Canot run outlines with Ollama via OpenAI compatible server
Closed this issue · 7 comments
duarteocarmo commented
Describe the issue as clearly as possible:
OpenAI errors out when trying to set tokenizer.
Steps/code to reproduce the bug:
# must have ollama running
import tiktoken
from outlines import generate, models
model = models.openai(
"phi3.5",
base_url="http://localhost:11434/v1",
api_key="ollama",
tokenizer=tiktoken.get_encoding("cl100k_base"),
)
generator = generate.text(model)
result = generator("Question: What's 2+2? Answer:", max_tokens=100)
print(result)
Expected result:
LLM generation
Error message:
TypeError: AsyncOpenAI.__init__() got an unexpected keyword argument 'tokenizer'
Outlines/Python version information:
Version information
(.env) [duarteocarmo:~/Repos/tricount]$ python -c "from outlines import _version; print(_version.version)" (main✱)
0.0.46
(.env) [duarteocarmo:~/Repos/tricount]$ python -c "import sys; print('Python', sys.version)" (main✱)
Python 3.12.4 (main, Jun 14 2024, 09:57:09) [Clang 15.0.0 (clang-1500.3.9.4)]
(.env) [duarteocarmo:~/Repos/tricount]$ pip freez (main✱)
ERROR: unknown command "freez" - maybe you meant "freeze"

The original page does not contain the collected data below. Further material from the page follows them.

lemma cm_block_eventually_le:
  fixes u :: "nat \<Rightarrow> 'a::real_normed_vector" and J :: "'a \<Rightarrow> 'b::real_inner"
  assumes "linear J" and "0 < KI" and lower: "\<And>x. norm x \<le> KI * norm (J x)"
    and D: "\<And>a. norm (J (u a) - J z) \<le> D"
    and orth: "asymptotically_orthogonal (\<lambda>a. J (u a) - J z)" and "0 < \<delta>"
  shows "\<exists>n>0. eventually (\<lambda>i. cm_block n u z i \<le> real n * \<delta>) sequentially"
proof -
  \<comment> \<open>Chosen so that \<open>KI\<^sup>2 (n D\<^sup>2 + n\<^sup>2 \<epsilon>) \<le> (n \<delta>)\<^sup>2\<close> as soon as \<open>D\<^sup>2 \<le> n \<epsilon>\<close>.\<close>
  define \<epsilon> where "\<epsilon> = (\<delta> / KI)\<^sup>2 / 2"
  have "0 < \<epsilon>"
    unfolding \<epsilon>_def using \<open>0 < \<delta>\<close> \<open>0 < KI\<close> by simp
  then obtain N where N: "\<And>a b. a \<ge> N \<Longrightarrow> b \<ge> N \<Longrightarrow> a \<noteq> b \<Longrightarrow>
      \<bar>inner (J (u a) - J z) (J (u b) - J z)\<bar> \<le> \<epsilon>"
    using orth unfolding asymptotically_orthogonal_def by blast
  obtain n :: nat where n: "D\<^sup>2 / \<epsilon> < real n"
    using reals_Archimedean2 by blast
  have "0 < n"
    using order_le_less_trans[OF divide_nonneg_pos[OF zero_le_power2 \<open>0 < \<epsilon>\<close>] n] by simp
  have Dn: "D\<^sup>2 \<le> real n * \<epsilon>"
    using n \<open>0 < \<epsilon>\<close> by (simp add: divide_less_eq)
  have "norm (\<Sum>k\<in>A. u (i + k) - z) \<le> real n * \<delta>" if "i \<ge> N" "A \<subseteq> {1..n}" for i A
  proof -
    have "(norm (\<Sum>k\<in>A. u (i + k) - z))\<^sup>2 \<le> KI\<^sup>2 * (real n * D\<^sup>2 + (real n)\<^sup>2 * \<epsilon>)"
      by (rule norm_block_sum_squared_le[OF \<open>linear J\<close> lower D less_imp_le[OF \<open>0 < \<epsilon>\<close>] N that])
    also have "\<dots> \<le> KI\<^sup>2 * (real n * (real n * \<epsilon>) + (real n)\<^sup>2 * \<epsilon>)"
      using Dn by (intro mult_left_mono add_right_mono) auto
    also have "\<dots> = (real n * \<delta>)\<^sup>2"
      unfolding \<epsilon>_def using \<open>0 < KI\<close> by (simp add: power2_eq_square field_simps)
    finally show ?thesis
      by (rule power2_le_imp_le) (use \<open>0 < \<delta>\<close> in simp)
  qed
  then have "\<forall>i\<ge>N. cm_block n u z i \<le> real n * \<delta>"
    by (auto intro!: cm_block_le)
  then have "eventually (\<lambda>i. cm_block n u z i \<le> real n * \<delta>) sequentially"
    unfolding eventually_sequentially by blast
  with \<open>0 < n\<close> show ?thesis by blast
qed

lemma card_mult_dist_le_sum_displacements:
  fixes p q :: "'i \<Rightarrow> 'a::real_normed_vector"
  shows "real (card A) * norm (z - w) \<le>
    norm (\<Sum>k\<in>A. q k - w) + norm (\<Sum>k\<in>A. p k - z) + (\<Sum>k\<in>A. norm (q k - p k))"
proof -
  have "(\<Sum>k\<in>A. q k - w) - (\<Sum>k\<in>A. p k - z) - (\<Sum>k\<in>A. q k - p k) =
      (\<Sum>k\<in>A. (q k - w) - (p k - z) - (q k - p k))"
    by (simp only: sum_subtractf)
  also have "\<dots> = (\<Sum>k\<in>A. z - w)"
    by (simp add: algebra_simps)
  also have "\<dots> = real (card A) *\<^sub>R (z - w)"
    by (rule sum_constant_scaleR)
  finally have "real (card A) * norm (z - w) =
      norm ((\<Sum>k\<in>A. q k - w) - (\<Sum>k\<in>A. p k - z) - (\<Sum>k\<in>A. q k - p k))"
    by simp
  also have "\<dots> \<le> norm (\<Sum>k\<in>A. q k - w) + norm (\<Sum>k\<in>A. p k - z) + norm (\<Sum>k\<in>A. q k - p k)"
    using norm_triangle_ineq4[of "(\<Sum>k\<in>A. q k - w) - (\<Sum>k\<in>A. p k - z)" "\<Sum>k\<in>A. q k - p k"]
      norm_triangle_ineq4[of "\<Sum>k\<in>A. q k - w" "\<Sum>k\<in>A. p k - z"] by linarith
  also have "\<dots> \<le> norm (\<Sum>k\<in>A. q k - w) + norm (\<Sum>k\<in>A. p k - z) + (\<Sum>k\<in>A. norm (q k - p k))"
    by (intro add_left_mono norm_sum)
  finally show ?thesis .
qed

lemma cm_block_image_ge:
  fixes T :: "'a::real_normed_vector \<Rightarrow> 'a"
  assumes "\<And>k. k \<in> {1..n} \<Longrightarrow> norm (T (u (i + k)) - u (i + k)) \<le> \<rho>"
  shows "real n * (norm (z - T z) - \<rho>) - cm_block n u z i \<le> cm_block n (\<lambda>j. T (u j)) (T z) i"
proof -
  have "(\<Sum>k\<in>{1..n}. norm (T (u (i + k)) - u (i + k))) \<le> (\<Sum>k\<in>{1..n}. \<rho>)"
    using assms by (rule sum_mono)
  then have "(\<Sum>k\<in>{1..n}. norm (T (u (i + k)) - u (i + k))) \<le> real n * \<rho>"
    by simp
  moreover have "norm (\<Sum>k\<in>{1..n}. u (i + k) - z) \<le> cm_block n u z i"
    by (rule norm_le_cm_block) simp
  moreover have "norm (\<Sum>k\<in>{1..n}. T (u (i + k)) - T z) \<le> cm_block n (\<lambda>j. T (u j)) (T z) i"
    using norm_le_cm_block[of "{1..n}" n "\<lambda>j. T (u j)" i "T z"] by simp
  moreover have "real n * norm (z - T z) \<le> norm (\<Sum>k\<in>{1..n}. T (u (i + k)) - T z) +
      norm (\<Sum>k\<in>{1..n}. u (i + k) - z) + (\<Sum>k\<in>{1..n}. norm (T (u (i + k)) - u (i + k)))"
    using card_mult_dist_le_sum_displacements[of "{1..n}" z "T z"
        "\<lambda>k. T (u (i + k))" "\<lambda>k. u (i + k)"]
    by simp
  ultimately show ?thesis
    unfolding right_diff_distrib by linarith
qed

lemma cm_nonexpansive_fixes_asymptotic_center:
  fixes J :: "'a::real_normed_vector \<Rightarrow> 'b::real_inner"
  assumes cm: "cm_nonexpansive_on C T" and "z \<in> C" and "\<And>a. u a \<in> C"
    and approx: "(\<lambda>a. T (u a) - u a) \<longlonglongrightarrow> 0"
    and "linear J" and "0 < KI" and "\<And>x. norm x \<le> KI * norm (J x)"
    and "\<And>a. norm (J (u a) - J z) \<le> D"
    and "asymptotically_orthogonal (\<lambda>a. J (u a) - J z)"
  shows "T z = z"
proof (rule ccontr)
  assume "T z \<noteq> z"
  define d where "d = norm (z - T z)"
  have "0 < d"
    unfolding d_def using \<open>T z \<noteq> z\<close> by simp
  then have "0 < d / 4"
    by simp
  then obtain n where "0 < n"
    and "eventually (\<lambda>i. cm_block n u z i \<le> real n * (d / 4)) sequentially"
    using cm_block_eventually_le[OF assms(5-9)] by blast
  then have upper: "eventually (\<lambda>i. cm_block n u z i \<le> real n * d / 4) sequentially"
    by simp
  obtain N where N: "\<And>j. j \<ge> N \<Longrightarrow> norm (T (u j) - u j) < d / 4"
    using order_tendstoD(2)[OF tendsto_norm_zero[OF approx] \<open>0 < d / 4\<close>]
    unfolding eventually_sequentially by blast
  have lower: "eventually (\<lambda>i. real n * d / 2 \<le> cm_block n (\<lambda>j. T (u j)) (T z) i) sequentially"
    using upper eventually_ge_at_top[of N]
  proof eventually_elim
    case (elim i)
    have "real n * (norm (z - T z) - d / 4) - cm_block n u z i \<le> cm_block n (\<lambda>j. T (u j)) (T z) i"
      by (rule cm_block_image_ge) (use N elim(2) in \<open>auto intro: less_imp_le\<close>)
    with elim(1) show ?case
      unfolding d_def[symmetric] right_diff_distrib times_divide_eq_right by linarith
  qed
  have "ereal (real n * d / 2) \<le> limsup (\<lambda>i. ereal (cm_block n (\<lambda>j. T (u j)) (T z) i))"
    using lower by (intro le_Limsup trivial_limit_sequentially) (simp add: eventually_mono)
  also have "\<dots> \<le> limsup (\<lambda>i. ereal (cm_block n u z i))"
    using cm \<open>z \<in> C\<close> assms(3) unfolding cm_nonexpansive_on_def by blast
  also have "\<dots> \<le> ereal (real n * d / 4)"
    using upper by (intro Limsup_bounded) (simp add: eventually_mono)
  finally have "real n * d / 2 \<le> real n * d / 4"
    by simp
  moreover have "0 < real n * d"
    using \<open>0 < n\<close> \<open>0 < d\<close> by simp
  ultimately show False
    by linarith
qed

(.env) [duarteocarmo:~/Repos/tricount]$ pip freeze (main✱)
aiohappyeyeballs==2.4.0
aiohttp==3.10.5
aiosignal==1.3.1
annotated-types==0.7.0
anyio==4.4.0
attrs==24.2.0
certifi==2024.8.30
charset-normalizer==3.3.2
cloudpickle==3.0.0
datasets==2.21.0
dill==0.3.8
diskcache==5.6.3
distro==1.9.0
filelock==3.15.4
frozenlist==1.4.1
fsspec==2024.6.1
h11==0.14.0
httpcore==1.0.5
httpx==0.27.2
huggingface-hub==0.24.6
idna==3.8
interegular==0.3.3
Jinja2==3.1.4
jiter==0.5.0
jsonschema==4.23.0
jsonschema-specifications==2023.12.1
lark==1.2.2
llvmlite==0.43.0
MarkupSafe==2.1.5
multidict==6.0.5
multiprocess==0.70.16
nest-asyncio==1.6.0
numba==0.60.0
numpy==1.26.4
ollama==0.3.2
openai==1.43.1
outlines==0.0.46
packaging==24.1
pandas==2.2.2
pillow==10.4.0
pyairports==2.1.1
pyarrow==17.0.0
pycountry==24.6.1
pydantic==2.9.0
pydantic_core==2.23.2
python-dateutil==2.9.0.post0
pytz==2024.1
PyYAML==6.0.2
referencing==0.35.1
regex==2024.7.24
requests==2.32.3
rpds-py==0.20.0
setuptools==74.1.2
six==1.16.0
sniffio==1.3.1
tiktoken==0.7.0
tqdm==4.66.5
typing_extensions==4.12.2
tzdata==2024.1
urllib3==2.2.2
xxhash==3.5.0
yarl==1.9.11
Context for the issue:
No response nooo
lapp0 commented
What happens when you don't pass the tokenizer? The endpoint should be returning text so a tokenizer shouldn't be necessary.
duarteocarmo commented
# must have ollama running
import tiktoken
from outlines import generate, models
model = models.openai(
"phi3.5",
base_url="http://localhost:11434/v1",
api_key="ollama",
)
generator = generate.text(model)
result = generator("Question: What's 2+2? Answer:", max_tokens=100)
print(result)
Error:
KeyError: 'Could not automatically map phi3.5 to a tokeniser. Please use `tiktoken.get_encoding` to explicitly get the tokeniser you expect.'
lapp0 commented
@duarteocarmo thanks for pointing this out to me.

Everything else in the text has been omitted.